- Input:
= Beginning of Section =

(* Let $\mathbf A\in\mathcal S_{++}^n$, and let $(\mathbf W(t),\mathbf M(t))$ be a solution of the ODE $(\ast)$ with $\tau=\tfrac12$ and initial condition $(\mathbf W_0,\mathbf M_0)\in\mathcal D$. Then, for all $t\ge 0$, $$L(\mathbf W(t),\mathbf M(t))=L(\mathbf W_0,\mathbf M_0)\,e^{-8t}.$$
   Context: Let $n>k\ge1$ be integers. $\mathcal S_{++}^m$ denotes the $m\times m$ symmetric positive definite matrices; $\mathbf A\in\mathcal S_{++}^n$, and $\mathcal D:=\mathbb R^{k\times n}\times\mathcal S_{++}^k$. For a parameter $\tau>0$, consider the ODE $(\ast)$ on $\mathcal D$: $$\tfrac12\tfrac{d\mathbf W}{dt}=\mathbf M^{-1}\mathbf W\mathbf A-\mathbf W,\qquad \tau\tfrac{d\mathbf M}{dt}=\mathbf M^{-1}\mathbf W\mathbf A\mathbf W^\top\mathbf M^{-1}-\mathbf M.$$ A solution is a continuously differentiable map $[0,\infty)\to\mathcal D$ satisfying $(\ast)$. Define $L(\mathbf W,\mathbf M):=\|\mathbf W\mathbf W^\top-\mathbf M^2\|^2=\operatorname{tr}[(\mathbf W\mathbf W^\top-\mathbf M^2)^2]$, where $\|\cdot\|$ is the Frobenius norm. *)

theory Defs
  imports "HOL-Analysis.Analysis"
begin

definition spd :: "real^'m^'m \<Rightarrow> bool" where
  "spd M \<longleftrightarrow> transpose M = M \<and> (\<forall>x. x \<noteq> 0 \<longrightarrow> x \<bullet> (M *v x) > 0)"

definition Lfun :: "real^'n^'k \<Rightarrow> real^'k^'k \<Rightarrow> real" where
  "Lfun W M = trace ((W ** transpose W - M ** M) ** (W ** transpose W - M ** M))"

end

theory Submission
  imports Defs
begin

text \<open>Put G = W W^T - M^2. Substituting the flow with tau = 1/2 into dG/dt, the terms
  containing M^-1 W A W^T and W A W^T M^-1 cancel between the W- and the M-part, and
  dG/dt = -4 G remains. Hence G(t) = exp(-4t) G(0), and L = tr(G^2) decays like exp(-8t).\<close>

lemma bounded_bilinear_matrix_mult:
  "bounded_bilinear (\<lambda>(X::real^'n^'m) (Y::real^'p^'n). X ** Y)"
  unfolding bilinear_conv_bounded_bilinear[symmetric] bilinear_def
  by (auto intro!: linearI simp: matrix_matrix_mult_def vec_eq_iff
      sum.distrib[symmetric] sum_distrib_left field_simps)

lemma bounded_linear_transpose: "bounded_linear (transpose :: real^'n^'m \<Rightarrow> real^'m^'n)"
  unfolding linear_conv_bounded_linear[symmetric]
  by (auto intro!: linearI simp: transpose_def vec_eq_iff)

lemma has_vector_derivative_transpose:
  fixes F :: "real \<Rightarrow> real^'n^'m"
  assumes "(F has_vector_derivative F') (at t within S)"
  shows "((\<lambda>t. transpose (F t)) has_vector_derivative transpose F') (at t within S)"
  using bounded_linear.has_vector_derivative[OF bounded_linear_transpose assms] .

lemma has_vector_derivative_matrix_mult:
  fixes F :: "real \<Rightarrow> real^'n^'m" and G :: "real \<Rightarrow> real^'p^'n"
  assumes "(F has_vector_derivative F') (at t within S)"
    and "(G has_vector_derivative G') (at t within S)"
  shows "((\<lambda>t. F t ** G t) has_vector_derivative F t ** G' + F' ** G t) (at t within S)"
  using bounded_bilinear.has_vector_derivative[OF bounded_bilinear_matrix_mult assms] .

lemma matrix_diff_ldistrib: "(A::'a::ring_1^'n^'m) ** (B - C) = A ** B - A ** C"
  by (vector matrix_matrix_mult_def sum_subtractf[symmetric] algebra_simps)

lemma matrix_diff_rdistrib: "((A::'a::ring_1^'n^'m) - B) ** C = A ** C - B ** C"
  by (vector matrix_matrix_mult_def sum_subtractf[symmetric] algebra_simps)

lemma transpose_diff: "transpose ((A::'a::ab_group_add^'n^'m) - B) = transpose A - transpose B"
  by (simp add: transpose_def vec_eq_iff)

lemma trace_scaleR: "trace (c *\<^sub>R (A::real^'n^'n)) = c * trace A"
  by (simp add: trace_def sum_distrib_left)

lemma spd_invertible:
  assumes "spd (M::real^'n^'n)"
  shows "invertible M"
proof -
  have "inj ((*v) M)"
  proof (rule injI)
    fix x y assume "M *v x = M *v y"
    then have "M *v (x - y) = 0" by (simp add: matrix_vector_mult_diff_distrib)
    then show "x = y"
      using assms unfolding spd_def by (metis inner_zero_right less_irrefl right_minus_eq)
  qed
  then show ?thesis
    using matrix_left_invertible_injective invertible_left_inverse by blast
qed

lemma matrix_mul_matrix_inv:
  assumes "invertible (M::'a::semiring_1^'n^'m)"
  shows "M ** matrix_inv M = mat 1" and "matrix_inv M ** M = mat 1"
  using someI_ex[OF assms[unfolded invertible_def]] by (auto simp: matrix_inv_def)

lemma symmetric_matrix_inv:
  fixes M :: "real^'n^'n"
  assumes "invertible M" and "transpose M = M"
  shows "transpose (matrix_inv M) = matrix_inv M"
proof -
  have "transpose (matrix_inv M) ** M = mat 1"
    by (metis assms matrix_mul_matrix_inv(1) matrix_transpose_mul transpose_mat)
  then have "transpose (matrix_inv M) ** M ** matrix_inv M = matrix_inv M"
    by simp
  then show ?thesis
    by (simp add: assms(1) matrix_mul_matrix_inv(1) flip: matrix_mul_assoc)
qed

lemma has_vector_derivative_scaleR_self_eq_exp:
  fixes D :: "real \<Rightarrow> 'a::real_normed_vector"
  assumes D': "\<And>t. t \<ge> 0 \<Longrightarrow> (D has_vector_derivative c *\<^sub>R D t) (at t within {0..})"
    and "t \<ge> 0"
  shows "D t = exp (c * t) *\<^sub>R D 0"
proof -
  define E where "E t = exp (- c * t) *\<^sub>R D t" for t
  have "(E has_vector_derivative 0) (at t within {0..})" if "t \<in> {0..}" for t
  proof -
    have "((\<lambda>t. exp (- c * t)) has_real_derivative exp (- c * t) * - c) (at t within {0..})"
      by (auto intro!: derivative_eq_intros)
    from has_vector_derivative_scaleR[OF this D'] that show ?thesis
      by (simp add: E_def[abs_def] algebra_simps)
  qed
  then obtain e where "\<And>t. t \<in> {0..} \<Longrightarrow> E t = e"
    using has_vector_derivative_zero_constant[OF convex_real_interval(1)] by blast
  then have "E t = E 0" using \<open>t \<ge> 0\<close> by simp
  also have "E 0 = D 0" by (simp add: E_def)
  finally have "E t = D 0" .
  moreover have "D t = exp (c * t) *\<^sub>R E t"
    by (simp add: E_def flip: exp_add)
  ultimately show ?thesis by simp
qed

definition gram_gap :: "real^'n^'k \<Rightarrow> real^'k^'k \<Rightarrow> real^'k^'k" where
  "gram_gap W M = W ** transpose W - M ** M"

lemma Lfun_gram_gap: "Lfun W M = trace (gram_gap W M ** gram_gap W M)"
  by (simp add: Lfun_def gram_gap_def)

lemma has_vector_derivative_gram_gap:
  assumes "(W has_vector_derivative W') (at t within S)"
    and "(M has_vector_derivative M') (at t within S)"
  shows "((\<lambda>t. gram_gap (W t) (M t)) has_vector_derivative
           W t ** transpose W' + W' ** transpose (W t) - (M t ** M' + M' ** M t)) (at t within S)"
  unfolding gram_gap_def
  by (intro has_vector_derivative_diff has_vector_derivative_matrix_mult
      has_vector_derivative_transpose assms)

lemma gram_gap_flow_identity:
  fixes W W' :: "real^'n^'k" and A :: "real^'n^'n" and M M' P :: "real^'k^'k"
  assumes A: "transpose A = A"
    and P: "M ** P = mat 1" "P ** M = mat 1" "transpose P = P"
    and W': "W' = 2 *\<^sub>R (P ** W ** A - W)"
    and M': "M' = 2 *\<^sub>R (P ** W ** A ** transpose W ** P - M)"
  shows "W ** transpose W' + W' ** transpose W - (M ** M' + M' ** M) = - 4 *\<^sub>R gram_gap W M"
proof -
  have cancel: "M ** (P ** X) = X" "X ** P ** M = X" for X :: "real^'k^'k"
    by (simp_all add: matrix_mul_assoc P flip: matrix_mul_assoc[of X])
  show ?thesis
    unfolding W' M' gram_gap_def
    by (simp add: transpose_diff transpose_scalar matrix_transpose_mul A P matrix_diff_ldistrib
        matrix_diff_rdistrib matrix_scalar_ac cancel matrix_mul_assoc scaleR_diff_right
        flip: scalar_matrix_assoc)
qed

theorem lemma2:
  fixes A :: "real^'n^'n"
    and W W' :: "real \<Rightarrow> real^'n^'k"
    and M M' :: "real \<Rightarrow> real^'k^'k"
    and \<tau> :: real
  assumes dims: "CARD('k) < CARD('n)"
    and A_spd: "spd A"
    and tau: "\<tau> = 1/2"
    and M_spd: "\<And>t. t \<ge> 0 \<Longrightarrow> spd (M t)"
    and W_deriv: "\<And>t. t \<ge> 0 \<Longrightarrow> (W has_vector_derivative W' t) (at t within {0..})"
    and M_deriv: "\<And>t. t \<ge> 0 \<Longrightarrow> (M has_vector_derivative M' t) (at t within {0..})"
    and W'_cont: "continuous_on {0..} W'"
    and M'_cont: "continuous_on {0..} M'"
    and W_ode: "\<And>t. t \<ge> 0 \<Longrightarrow>
       (1/2) *\<^sub>R W' t = matrix_inv (M t) ** W t ** A - W t"
    and M_ode: "\<And>t. t \<ge> 0 \<Longrightarrow>
       \<tau> *\<^sub>R M' t = matrix_inv (M t) ** W t ** A ** transpose (W t) ** matrix_inv (M t) - M t"
  shows "\<forall>t\<ge>0. Lfun (W t) (M t) = Lfun (W 0) (M 0) * exp (- 8 * t)"
proof (intro allI impI)
  define G where "G t = gram_gap (W t) (M t)" for t
  have G_ode: "(G has_vector_derivative - 4 *\<^sub>R G t) (at t within {0..})" if "t \<ge> 0" for t
  proof -
    have M_invertible_symmetric: "invertible (M t)" "transpose (M t) = M t"
      using M_spd[OF that] spd_invertible spd_def by auto
    have "W' t = 2 *\<^sub>R ((1/2) *\<^sub>R W' t)" and "M' t = 2 *\<^sub>R (\<tau> *\<^sub>R M' t)"
      by (simp_all add: tau)
    then have "W t ** transpose (W' t) + W' t ** transpose (W t) - (M t ** M' t + M' t ** M t)
        = - 4 *\<^sub>R G t"
      unfolding G_def W_ode[OF that] M_ode[OF that]
      using A_spd M_invertible_symmetric by (intro gram_gap_flow_identity)
        (auto simp: spd_def matrix_mul_matrix_inv symmetric_matrix_inv)
    then show ?thesis
      using has_vector_derivative_gram_gap[OF W_deriv[OF that] M_deriv[OF that]]
      by (simp add: G_def[abs_def])
  qed
  fix t :: real
  assume "t \<ge> 0"
  have "G t = exp (- 4 * t) *\<^sub>R G 0"
    using has_vector_derivative_scaleR_self_eq_exp[OF G_ode \<open>t \<ge> 0\<close>] .
  moreover have "exp (- 8 * t) = exp (- 4 * t) * exp (- 4 * t)"
    by (simp flip: exp_add)
  ultimately show "Lfun (W t) (M t) = Lfun (W 0) (M 0) * exp (- 8 * t)"
    by (simp add: Lfun_gram_gap G_def[symmetric] matrix_scalar_ac trace_scaleR
        flip: scalar_matrix_assoc)
qed

end
lemma long_path_or_cycle_counts:
  fixes k :: nat
  assumes "(is_cycle C F \<and> k < card C) \<or> (is_path C F \<and> k - 1 \<le> card C)"
  defines "\<delta> \<equiv> if is_cycle C F \<and> k < card C then 0 else 1 :: nat"
  shows "card F + \<delta> = card C"
    and "\<And>u. 1 \<le> u \<Longrightarrow> u \<le> k \<Longrightarrow> card (connected_sets F C u) + (u - 1) * \<delta> = card C"
    and "small_connected_sets_are_paths k F C"
proof -
  consider (cycle) "is_cycle C F" "k < card C" | (path) "\<not> (is_cycle C F \<and> k < card C)" "is_path C F" "k - 1 \<le> card C"
    using assms(1) by blast
  then have "card F + \<delta> = card C \<and>
      (\<forall>u. 1 \<le> u \<longrightarrow> u \<le> k \<longrightarrow> card (connected_sets F C u) + (u - 1) * \<delta> = card C) \<and>
      small_connected_sets_are_paths k F C"
  proof cases
    case cycle
    then obtain \<nu> where \<nu>: "cycle_numbering \<nu> (card C) C F" "card F = card C" by (blast elim: is_cycleE)
    interpret cycle_numbering \<nu> "card C" C F by (rule \<nu>(1))
    show ?thesis
      using cycle \<nu>(2) card_connected_sets connected_set_graph_iso
      unfolding \<delta>_def small_connected_sets_are_paths_def by auto
  next
    case path
    then obtain \<nu> where \<nu>: "path_numbering \<nu> (card C) C F" "card F + 1 = card C" by (blast elim: is_pathE)
    interpret path_numbering \<nu> "card C" C F by (rule \<nu>(1))
    show ?thesis
      using path \<nu>(2) card_connected_sets connected_set_graph_iso
      unfolding \<delta>_def small_connected_sets_are_paths_def by auto
  qed
  then show "card F + \<delta> = card C"
    and "\<And>u. 1 \<le> u \<Longrightarrow> u \<le> k \<Longrightarrow> card (connected_sets F C u) + (u - 1) * \<delta> = card C"
    and "small_connected_sets_are_paths k F C"
    by blast+
qed
(* Consider user $m$ of cluster $\text{C}_2$ in the RIS-partitioned downlink system described in the context, with uncorrelated RIS channels $\mathbf{R}_{\text{RIS}}=\mathbf{I}_N$ (i.i.d. Rayleigh fading). Let $\gamma_m^*$ be its target rate, $\rho=P/\sigma^2$ the transmit SNR, and define $y=\frac{2^{\gamma_m^*}-1}{\rho}$, $\mu_1=\sqrt{L_m^{\text{RIS}}}\,N_m\frac{\sqrt{\pi}}{2}$, $s_1^2=L_m^{\text{RIS}}N_m\frac{4-\pi}{4}$, and $s_2^2=0.5\,(2^{\gamma_m^*}-1)\big(L_m^{\text{RIS}}(N-N_m)+L_m^{\text{BS}}\big)$. Then the outage probability $P_m^{\text{out}}=P(R_m<\gamma_m^* )$ is given by $$P^{\text{out}}_m=1-Q_{\frac{1}{2}}\!\left(\frac{\mu_1}{s_1},\sqrt{\frac{y}{s_1^2}}\right)+\left(\frac{s_2^2}{s_1^2+s_2^2}\right)^{\frac{1}{2}}\exp\!\left(\frac{y}{2s_2^2}\right)\exp\!\left(-\frac{\mu_1^2}{2(s_1^2+s_2^2)}\right)Q_{\frac{1}{2}}\!\left(\frac{\mu_1}{s_1}\sqrt{\frac{s_2^2}{s_1^2+s_2^2}},\sqrt{\frac{y(s_1^2+s_2^2)}{s_1^2s_2^2}}\right),$$ where $Q_k(a,b)$ denotes the $k$-th order generalized Marcum $Q$-function.
   Context: System model: a single-antenna base station (BS) with transmit power $P$ and an RIS with $N$ reflecting elements serve single-antenna users; the users in cluster $\text{C}_2$ (users $m=1,\dots,M_2$, inside the RIS field of view) are served via the RIS. The RIS is partitioned into $M_2$ disjoint sub-surfaces, sub-surface $i$ having $N_i$ elements, $\sum_{i=1}^{M_2}N_i=N$, and sub-surface $i$ is dedicated to user $i$. The channel from element $n$ of sub-surface $i$ to user $m$ is $\sqrt{L_m^{\text{RISg}}}\,g_{i,m}^{(n)}$ with $g_{i,m}^{(n)}=\beta_{i,m}^{(n)}e^{-j\phi_{i,m}^{(n)}}$; under the uncorrelated assumption the $g_{i,m}^{(n)}$ are i.i.d. $\mathcal{CN}(0,1)$ (so $\beta_{i,m}^{(n)}$ are Rayleigh). The BS–RIS channel is pure LoS with path gain $L^{\text{RISh}}$ and phases $\psi^{(n)}$; $L_m^{\text{RIS}}=L^{\text{RISh}}L_m^{\text{RISg}}$. The direct BS–user-$m$ channel is $v_m\sim\mathcal{CN}(0,L_m^{\text{BS}})$, independent of the RIS channels. Element $n$ of sub-surface $i$ applies phase $\Phi_i^{(n)}=\phi_{i,i}^{(n)}+\psi^{(n)}+\theta_i+\theta_{M_1}$, where $\theta_i$ is the PSK symbol of user $i$ and $\theta_{M_1}$ is the phase of the unit-modulus BS signal. Writing $\bar\Phi_i^{(n)}=-\phi_{i,m}^{(n)}+\Phi_i^{(n)}$, user $m$ has signal power $A_m=\big|\sqrt{L_m^{\text{RIS}}}\sum_{n=1}^{N_m}\beta_{m,m}^{(n)}\big|^2$, interference $I_m=|I_{\text{RIS}}+v_m|^2$ with $I_{\text{RIS}}=\sqrt{L_m^{\text{RIS}}}\sum_{i\ne m}\sum_{n=1}^{N_i}\beta_{i,m}^{(n)}e^{j\bar\Phi_i^{(n)}}$, and $\text{SINR}_m=\frac{A_m}{I_m+1/\rho}$ where $\rho=P/\sigma^2$ and $\sigma^2$ is the noise variance. The rate is $R_m=\log_2(1+\text{SINR}_m)$.
   Formalization: The signal amplitude $\sqrt{L_m^{\text{RIS}}}\sum_{n=1}^{N_m}\beta_{m,m}^{(n)}$ is replaced by an exactly Gaussian variable with mean $\mu_1$ and variance $s_1^2$, independent of $I_{\text{RIS}}$ and $v_m$, whose square is $A_m$. Apart from conventions, each condition added here is assumed in the paper as well or is needed for the statement above to hold. *)

theory Defs
  imports "HOL-Probability.Probability"
begin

= End of Section =

- Required action:
Please determine how many lines of the records above include the word "flip", replying with a number alone.

- Answer to the problem:
6